Four-Stranded DNA Structures Identified in Breast Cancer Cells
Posted: Thursday, October 15, 2020
A recent study published in Nature Genetics by Shankar Balasubramanian, MA, MSci, PhD, of the University of Cambridge, and colleagues, has shown for the first time the existence of four-stranded DNA in human breast cancer cells. Their research findings suggest potential clinical implications for both the diagnosis and management of breast cancer.
“The abundance and location of G-quadruplexes in these biopsies gives us a clue to their importance in cancer biology and to the heterogeneity of these breast cancers,” commented the first author of the study, Robert Hänsel-Hertsch, PhD, in Genetic Engineering & Biotechnology News. He is now at the Center for Molecular Medicine Cologne, University of Cologne.

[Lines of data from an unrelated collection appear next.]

(* Let $\Omega$ be a finite set and let $p,q$ be probability distributions on $\Omega$. Let $X_1,X_2$ be drawn i.i.d. from $p$ and $\mathcal{S}=\{X_1,X_2\}$, and let $P^\star(\mathrm{acc})$ be the supremum of $\Pr(Z\in\mathcal{S})$ over all valid token-level selection rules with output $Z$. Then $$P^\star(\mathrm{acc})=\min_{\mathcal{A}\subseteq\Omega}\Big\{\sum_{s\in\mathcal{A}}q(s)+\Big(\sum_{s\in\mathcal{A}^c}p(s)\Big)^2+2\Big(\sum_{s\in\mathcal{A}}p(s)\Big)\Big(\sum_{s\in\mathcal{A}^c}p(s)\Big)\Big\},$$ where $\mathcal{A}^c=\Omega\setminus\mathcal{A}$.
   Context: A token-level selection rule is a conditional distribution $\mathcal{P}(\cdot\mid X_1,X_2)$ on $\Omega$; it is valid if its output $Z$ satisfies $\Pr(Z=z)=q(z)$ for all $z\in\Omega$, where $X_1,X_2$ are i.i.d. with law $p$. *)

theory Defs
  imports "HOL-Probability.Probability"
begin

text \<open>A token-level selection rule is a Markov kernel K x1 x2 (a distribution on the
  finite token set, the type 'a). Its output law, when X1, X2 are i.i.d. with law p.\<close>

definition output_prob :: "'a::finite pmf \<Rightarrow> ('a \<Rightarrow> 'a \<Rightarrow> 'a pmf) \<Rightarrow> 'a \<Rightarrow> real" where
  "output_prob p K z = (\<Sum>x1\<in>UNIV. \<Sum>x2\<in>UNIV. pmf p x1 * pmf p x2 * pmf (K x1 x2) z)"

definition valid_rule :: "'a::finite pmf \<Rightarrow> 'a pmf \<Rightarrow> ('a \<Rightarrow> 'a \<Rightarrow> 'a pmf) \<Rightarrow> bool" where
  "valid_rule p q K \<longleftrightarrow> (\<forall>z. output_prob p K z = pmf q z)"

definition accept_prob :: "'a::finite pmf \<Rightarrow> ('a \<Rightarrow> 'a \<Rightarrow> 'a pmf) \<Rightarrow> real" where
  "accept_prob p K = (\<Sum>x1\<in>UNIV. \<Sum>x2\<in>UNIV.
      pmf p x1 * pmf p x2 * measure_pmf.prob (K x1 x2) {x1, x2})"

definition opt_accept :: "'a::finite pmf \<Rightarrow> 'a pmf \<Rightarrow> real" where
  "opt_accept p q = Sup {accept_prob p K | K. valid_rule p q K}"

end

In this study, the researchers examined G-quadruplex DNA structure-forming regions in 22 patient-derived tumor xenograft mouse models. Of them, 14 were found to associate with more than one breast cancer subtype, suggesting that multiple breast cancer states frequently coexist within a tumor. The researchers also found that G-quadruplexes were most commonly found in promoter regions of highly amplified genes that showed high expression and that the majority of the tumors displayed aggressive triple-negative [integrative cluster 10]-related breast cancer gene activity.

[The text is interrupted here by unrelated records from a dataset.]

lemma HH_eq_set_integral_Hring: "AE \<omega> in M. HH \<omega> = (\<integral>x. Hring x \<omega> * indicator S x \<partial>\<nu>)"
proof -
  have "AE \<omega> in M. \<forall>js\<in>J. integrable \<nu> (\<lambda>x. summand js x \<omega>)"
    using summand_integrable finite_PiE[of "{..<m}" "\<lambda>_. {1..n}"] unfolding summand_def
    by (intro eventually_ball_finite ballI) auto
  then show ?thesis
  proof (rule AE_mp, intro AE_I2 impI)
    fix \<omega> assume \<omega>: "\<omega> \<in> space M" and int: "\<forall>js\<in>J. integrable \<nu> (\<lambda>x. summand js x \<omega>)"
    have int_shift: "integrable \<nu> (\<lambda>x. summand js (shift js x) \<omega>)" if "js \<in> J" for js
      using int that integrable_shift_iff[OF that summand_measurable[OF that \<omega>]] by simp
    have "HH \<omega> = (\<Sum>js\<in>J. \<integral>x. summand js x \<omega> \<partial>\<nu>)"
      unfolding HH_def summand_def[symmetric] using int
      by (intro Bochner_Integration.integral_sum) auto
    also have "\<dots> = (\<Sum>js\<in>J. \<integral>x. summand js (shift js x) \<omega> \<partial>\<nu>)"
      using integral_shift[OF _ summand_measurable[OF _ \<omega>]] by (intro sum.cong) auto
    also have "\<dots> = (\<integral>x. Hring x \<omega> \<partial>\<nu>)"
      unfolding Hring_eq_sum_shift using int_shift
      by (intro Bochner_Integration.integral_sum[symmetric]) auto
    also have "\<dots> = (\<integral>x. Hring x \<omega> * indicator S x \<partial>\<nu>)"
      using Hring_eq_0_outside by (intro Bochner_Integration.integral_cong) (auto split: split_indicator)
    finally show "HH \<omega> = (\<integral>x. Hring x \<omega> * indicator S x \<partial>\<nu>)" .
  qed
qed

end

Using quantitative G-quadruplex chromatin-immunoprecipitation sequencing, the researchers showed that G-quadruplex DNA regions were highly associated with drivers of triple-negative breast cancer and/or integrative cluster 9-10. They found that G-quadruplex structure-forming regions were associated with at least seven distinct transcription factor programs, suggesting that many transcription factors work together to regulate breast cancer gene activity.

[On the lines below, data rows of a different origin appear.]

text \<open>Brown--McCoy: if \<open>x - xzx\<close> is regular with inner inverse \<open>w\<close>, then \<open>x\<close> has the
  inner inverse \<open>z + (1 - zx) w (1 - xz)\<close>, expanded below so that no unit is needed.\<close>
lemma regular_if_regular_diff:
  assumes x: "x \<in> S" and z: "z \<in> S" and reg: "regular (x - mul (mul x z) x)"
  shows "regular x"
proof -
  obtain w where w: "w \<in> S"
    and hw: "x - mul (mul x z) x = mul (mul (x - mul (mul x z) x) w) (x - mul (mul x z) x)"
    using reg unfolding regular_def by blast
  then have expanded: "mul x (mul w x) - mul x (mul w (mul x (mul z x))) - mul x (mul z (mul x (mul w x)))
      + mul x (mul z (mul x (mul w (mul x (mul z x))))) = x - mul x (mul z x)"
    using x z by (simp add: ring_simps algebra_simps)
  define v where "v = z + w - mul z (mul x w) - mul w (mul x z) + mul z (mul x (mul w (mul x z)))"
  have "v \<in> S" unfolding v_def using x z w by (simp add: ring_simps)
  moreover have "mul (mul x v) x = x"
    unfolding v_def using x z w expanded by (simp add: ring_simps algebra_simps)
  ultimately show ?thesis unfolding regular_def by metis
qed

lemma regular_add_if_left_annihilates:
  assumes "p \<in> S" "q \<in> S" "z \<in> S" "mul (mul p z) p = p" "mul z q = 0"
    and "regular (q - mul (mul q z) p)"
  shows "regular (p + q)"
proof -
  have "mul (mul p z) q = 0" "mul (mul q z) q = 0" using assms(1-5) by (simp_all add: mul_assoc mul_zero)
  then have "p + q - mul (mul (p + q) z) (p + q) = q - mul (mul q z) p"
    using assms(1-4) by (simp add: ring_simps)
  then show ?thesis using regular_if_regular_diff[of "p + q" z] assms add_mem by metis
qed

lemma regular_add_if_right_annihilates:
  assumes "p \<in> S" "q \<in> S" "z \<in> S" "mul (mul p z) p = p" "mul q z = 0"
    and "regular (q - mul (mul p z) q)"
  shows "regular (p + q)"
proof -
  have "mul (mul q z) p = 0" "mul (mul q z) q = 0" using assms(1-5) by (simp_all add: zero_mul)
  then have "p + q - mul (mul (p + q) z) (p + q) = q - mul (mul p z) q"
    using assms(1-4) by (simp add: ring_simps)
  then show ?thesis using regular_if_regular_diff[of "p + q" z] assms add_mem by metis
qed

lemma ideal_set_plus:
  assumes I: "ideal I" and J: "ideal J"
  shows "ideal {a + b |a b. a \<in> I \<and> b \<in> J}"
  unfolding ideal_def
proof (intro conjI ballI)
  show "{a + b |a b. a \<in> I \<and> b \<in> J} \<subseteq> S" using I J add_mem unfolding ideal_def by blast
  show "0 \<in> {a + b |a b. a \<in> I \<and> b \<in> J}" using I J unfolding ideal_def by force
next
  fix x y assume "x \<in> {a + b |a b. a \<in> I \<and> b \<in> J}" "y \<in> {a + b |a b. a \<in> I \<and> b \<in> J}"
  then obtain a b a' b' where "x = a + b" "y = a' + b'" "a \<in> I" "b \<in> J" "a' \<in> I" "b' \<in> J" by blast
  moreover have "a - a' \<in> I" "b - b' \<in> J" using calculation I J unfolding ideal_def by blast+
  moreover have "x - y = (a - a') + (b - b')" using calculation by simp
  ultimately show "x - y \<in> {a + b |a b. a \<in> I \<and> b \<in> J}" by blast
next
  fix c x assume c: "c \<in> S" and "x \<in> {a + b |a b. a \<in> I \<and> b \<in> J}"
  then obtain a b where ab: "x = a + b" "a \<in> I" "b \<in> J" by blast
  then have "a \<in> S" "b \<in> S" using I J unfolding ideal_def by blast+
  then have "mul c x = mul c a + mul c b" "mul x c = mul a c + mul b c"
    using ab c by (simp_all add: add_mul mul_add)
  moreover have "mul c a \<in> I" "mul a c \<in> I" "mul c b \<in> J" "mul b c \<in> J"
    using ab I J c unfolding ideal_def by blast+
  ultimately show "mul c x \<in> {a + b |a b. a \<in> I \<and> b \<in> J}"
    and "mul x c \<in> {a + b |a b. a \<in> I \<and> b \<in> J}" by blast+
qed

lemma regular_add_if_regular_ideals:
  assumes I: "ideal I" "\<forall>x\<in>I. regular x" and J: "ideal J" "\<forall>x\<in>J. regular x"
    and a: "a \<in> I" and b: "b \<in> J"
  shows "regular (a + b)"
proof -
  have aS: "a \<in> S" and bS: "b \<in> S" using a b I J unfolding ideal_def by blast+
  obtain z where z: "z \<in> S" "a = mul (mul a z) a" using I a unfolding regular_def by blast
  have J_diff: "\<And>u v. u \<in> J \<Longrightarrow> v \<in> J \<Longrightarrow> u - v \<in> J"
    and J_mul: "\<And>c u. c \<in> S \<Longrightarrow> u \<in> J \<Longrightarrow> mul c u \<in> J \<and> mul u c \<in> J"
    using J unfolding ideal_def by auto
  have "a + b - mul (mul (a + b) z) (a + b)
      = b - mul (mul a z) b - mul (mul b z) a - mul (mul b z) b"
    using aS bS z by (simp add: ring_simps algebra_simps)
  also have "\<dots> \<in> J"
    using aS bS z b by (intro J_diff) (simp_all add: J_mul mul_mem)
  finally have "regular (a + b - mul (mul (a + b) z) (a + b))" using J(2) by blast
  then show ?thesis using regular_if_regular_diff aS bS z add_mem by blast
qed

lemma regular_radical_mem_iff:
  "x \<in> regular_radical \<longleftrightarrow> (\<exists>I. ideal I \<and> (\<forall>x\<in>I. regular x) \<and> x \<in> I)"
  unfolding regular_radical_def by blast

lemma regular_if_in_regular_radical: "x \<in> regular_radical \<Longrightarrow> regular x"
  unfolding regular_radical_mem_iff by blast

lemma ideal_regular_radical: "ideal regular_radical"
  unfolding ideal_def
proof (intro conjI ballI)
  show "regular_radical \<subseteq> S" unfolding regular_radical_def ideal_def by blast
  have "ideal {0}" unfolding ideal_def using zero_mem zero_mul mul_zero by auto
  then show "0 \<in> regular_radical" unfolding regular_radical_mem_iff using regular_zero by blast
next
  fix x y assume "x \<in> regular_radical" "y \<in> regular_radical"
  then obtain I J where I: "ideal I" "\<forall>x\<in>I. regular x" "x \<in> I"
    and J: "ideal J" "\<forall>x\<in>J. regular x" "y \<in> J"
    unfolding regular_radical_mem_iff by blast
  have "- y \<in> J" using J diff_mem[OF zero_mem] unfolding ideal_def by force
  then have "x - y \<in> {a + b |a b. a \<in> I \<and> b \<in> J}" using I(3) by force
  moreover have "\<forall>z\<in>{a + b |a b. a \<in> I \<and> b \<in> J}. regular z"
    using regular_add_if_regular_ideals[OF I(1,2) J(1,2)] by blast
  ultimately show "x - y \<in> regular_radical"
    unfolding regular_radical_mem_iff using ideal_set_plus[OF I(1) J(1)] by blast
next
  fix a x assume "a \<in> S" "x \<in> regular_radical"
  then show "mul a x \<in> regular_radical" "mul x a \<in> regular_radical"
    unfolding regular_radical_mem_iff ideal_def by blast+
qed

end

definition matrix_supp :: "('i \<Rightarrow> 'i \<Rightarrow> 'a::zero) \<Rightarrow> ('i \<times> 'i) set" where
  "matrix_supp x = {(i, j). x i j \<noteq> 0}"

definition matrix_rows :: "('i \<Rightarrow> 'i \<Rightarrow> 'a::zero) \<Rightarrow> 'i set" where
  "matrix_rows x = fst ` matrix_supp x"

definition matrix_cols :: "('i \<Rightarrow> 'i \<Rightarrow> 'a::zero) \<Rightarrow> 'i set" where
  "matrix_cols x = snd ` matrix_supp x"

lemma nonzero_entry_in_rows_cols:
  assumes "x i j \<noteq> 0"
  shows "i \<in> matrix_rows x" and "j \<in> matrix_cols x"
  using assms unfolding matrix_rows_def matrix_cols_def matrix_supp_def by force+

“[G-quadruplex DNA structure-forming regions], in combination with established knowledge on subtypes, can refine the genomic transcriptomic and regulatory classification of breast cancer. Finally, [G-quadruplex] levels in cancer models are sufficient to predict response to treatment by small molecules that target [G-quadruplex] DNA structures, which highlights [G-quadruplexes] as genomic features with potential for future diagnostics and therapeutics,” the authors concluded.
Disclosure: For full disclosure of the study authors, visit nature.com.